Comment by fg137
2 hours ago
I recently completed the 2025 version of this course (video + most assignments, skipping some of the most costly part of the tasks). That's quite something. There is a lot going on in the first two assignments which required a ton of thinking and debugging. Despite having a decent foundation in deep learning, it took me several months to finish it using bits of my after-work hours and weekends. (I am not a model part-time student by any means, and sometimes I didn't get to work on this for days, but it could have been much worse.) Hard to imagine how enrolled Stanford students manage to submit assignments in two week cadence.
Coming back to the course, kudos to the course staff, including professors and TAs. The obviously put a ton of thought in designing the course, putting together those slides that contain the latest updates of the field, and preparing the wonderful assignments. You get to create a real LM and explore other important parts of LLM pipeline from small building blocks and validate them, validate each step, and see for yourself how everything comes together. You can really feel a sense of achievement after completing the assignments.
That said, while the staff obviously put a lot of effort into making this accessible to everyone, I wish they made a bit more effort in clarifying the environment requirement. Their harness works best on a Linux environment with NVIDIA GPU, which may be taken for granted for researchers but rare for home computer setup. Their setup also expects specific CUDA versions and/or architectecture. For following at home, the next best setup is Windows with WSL2 + NVIDIA GPU, plus leased GPUs on various platforms, none of which is exactly trivial (or cheap, for that matter). It would be nice if the staff could put together a bit more guidance in that area, especially how someone without any compatible GPU can make the most out of the course. (One thing I learned is that if you use Mac OS and are not careful about memory analysis, your python code could freeze and force reboot your machine).
TA here. Noted! I now have more resources to test more environments, and will do so whenever possible. I think freezing due to memory overuse is going to be a problem with anything you code yourself, but I do think we could be more rigorous with guiding people to achieve limited memory use for the tokenizer task.

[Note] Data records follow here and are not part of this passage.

lemma wmh_estimate_concentration:
  "\<exists>A\<in>sets (hash_space m n L). 2 / 3 \<le> measure (hash_space m n L) A \<and>
    (\<forall>h\<in>A. \<bar>wmh_estimate m L (wmh_sketch n L a h) (wmh_sketch n L b h) - vinner n a b\<bar>
      \<le> \<epsilon> * max (restr_norm {i. i < n \<and> a i \<noteq> 0 \<and> b i \<noteq> 0} a * vnorm n b)
                  (vnorm n a * restr_norm {i. i < n \<and> a i \<noteq> 0 \<and> b i \<noteq> 0} b))"
proof -
  define BX where "BX = {h \<in> space R.P. \<epsilon> * D * L / (4 * real (card U)) < \<bar>X_mean h - L * cos_sim / card U\<bar>}"
  define BY where "BY = {h \<in> space R.P.
    \<epsilon> / 32 * (1 / (real (card U) + 1)) \<le> \<bar>Y_mean h - 1 / (real (card U) + 1)\<bar>}"
  define BN where "BN = {h \<in> space R.P. \<not> (\<forall>i\<in>{..<m}. \<exists>j\<in>U. strict_min_at U (\<lambda>k. h (i, k)) j)}"
  have events: "BX \<in> R.events" "BY \<in> R.events" "BN \<in> R.events"
    unfolding BX_def BY_def BN_def
    by (rule sets_Collect_abs_diff(2)[OF X_mean_measurable] sets_Collect_abs_diff(1)[OF Y_mean_measurable]
        prob_no_strict_min(1))+
  have "R.prob (BX \<union> BY \<union> BN) \<le> R.prob (BX \<union> BY) + R.prob BN"
    using events by (intro measure_Un_le sets.Un)
  moreover have "R.prob (BX \<union> BY) \<le> R.prob BX + R.prob BY"
    using events by (intro measure_Un_le)
  moreover have "R.prob BX \<le> 1 / 96" "R.prob BY \<le> 1 / 6" "R.prob BN = 0"
    unfolding BX_def BY_def BN_def
    by (rule prob_X_mean_deviation prob_Y_mean_deviation prob_no_strict_min(2))+
  ultimately have "R.prob (BX \<union> BY \<union> BN) \<le> 1 / 3"
    by linarith
  then have "2 / 3 \<le> R.prob (space R.P - (BX \<union> BY \<union> BN))"
    using events by (subst R.prob_compl) (auto intro: sets.Un)
  moreover have "space R.P - (BX \<union> BY \<union> BN) \<in> R.events"
    using events by (intro sets.Diff sets.top sets.Un)
  moreover have "\<bar>wmh_estimate m L (wmh_sketch n L a h) (wmh_sketch n L b h) - vinner n a b\<bar>
      \<le> \<epsilon> * max (restr_norm common a * vnorm n b) (vnorm n a * restr_norm common b)"
    if "h \<in> space R.P - (BX \<union> BY \<union> BN)" for h
    using that unfolding BX_def BY_def BN_def by (intro estimate_error_if_concentrated) auto
  ultimately show ?thesis
    unfolding hash_space_def common_def by blast
qed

IMO the cost of renting GPUs is a bit overstated in these comments. Generally almost all of the development can be done locally, and then ran for a short period of time using on-demand GPUs. For assignment 1, you can run everything on your local machine, even if you don't have a GPU. For A1 and A2, you can do (most of) the tasks with only a few hours of renting. Without being too careful using rental GPUs throughout will net you around $200 of a compute budget, but you can easily get this under $50 if you're willing to scale down many of the problems. I think we could work on making this clear and charting what these changes are.
If you have further feedback or encounter problems, feel free to open issues in the repos so we can resolve them! It's hard for us to fix issues we're not aware of.

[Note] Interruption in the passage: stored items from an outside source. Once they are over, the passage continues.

lemma stirling_perms_Suc_cases:
  assumes "\<sigma> \<in> stirling_perms (Suc n)"
  obtains \<tau> i where "\<tau> \<in> stirling_perms n" "i \<le> length \<tau>" "\<sigma> = insert_pair \<tau> i (Suc n)"
proof -
  have mset: "mset \<sigma> = double_range n + {#Suc n, Suc n#}" and cond: "stirling_cond \<sigma>"
    using assms by (simp_all add: stirling_perms_iff double_range_Suc)
  have "Suc n \<notin># double_range n"
    by (simp add: set_mset_double_range)
  then have "count (mset \<sigma>) (Suc n) = 2"
    by (simp add: mset not_in_iff)
  then obtain p q where pq: "p < q" "q < length \<sigma>" "\<sigma> ! p = Suc n" "\<sigma> ! q = Suc n"
    by (rule obtain_two_positions)
  have "q = Suc p"
    using stirling_cond_max_adjacent[OF cond _ pq] set_stirling_perm[OF assms] by simp
  define \<tau> where "\<tau> = take p \<sigma> @ drop (Suc (Suc p)) \<sigma>"
  have \<sigma>: "\<sigma> = insert_pair \<tau> p (Suc n)"
    using insert_pair_take_drop[of p \<sigma> "Suc n"] pq \<open>q = Suc p\<close> by (simp add: \<tau>_def)
  have p: "p \<le> length \<tau>"
    using pq \<open>q = Suc p\<close> by (simp add: \<tau>_def)
  have "mset \<tau> = double_range n"
    using mset mset_insert_pair[of \<tau> p "Suc n"] by (simp flip: \<sigma>)
  moreover have "stirling_cond \<tau>"
  proof (rule stirling_cond_reindex[OF cond strict_mono_shift])
    fix k
    assume "k < length \<tau>"
    then have "shift p k < length \<sigma>"
      using p by (simp add: \<sigma> shift_def)
    moreover have "\<sigma> ! shift p k = \<tau> ! k"
      using p by (simp add: \<sigma> nth_insert_pair_shift)
    ultimately show "shift p k < length \<sigma> \<and> \<sigma> ! shift p k = \<tau> ! k" ..
  qed
  ultimately show thesis
    using that p \<sigma> by (simp add: stirling_perms_iff)
qed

Memory overuse: for context, it's about parallelism on gloo backend with CPU. My observation is that on Linux, the same (bad) python code will result in the process getting killed quickly, saving user the trouble of rebooting. Not sure if MacOS behavior is expected in the first place.
GPU cost: most of us will spend at least a few hours of troubleshooting to get started on a leased GPU, including but not limited to figuring out how much storage is needed, if CUDA version works well etc. No GPU is definitely possible but difficult. Plus, one issue might be that most of us just don't have enough experience working with them, resulting in more time figuring things out.
Github issues -- noted, will create any issue that I can think of.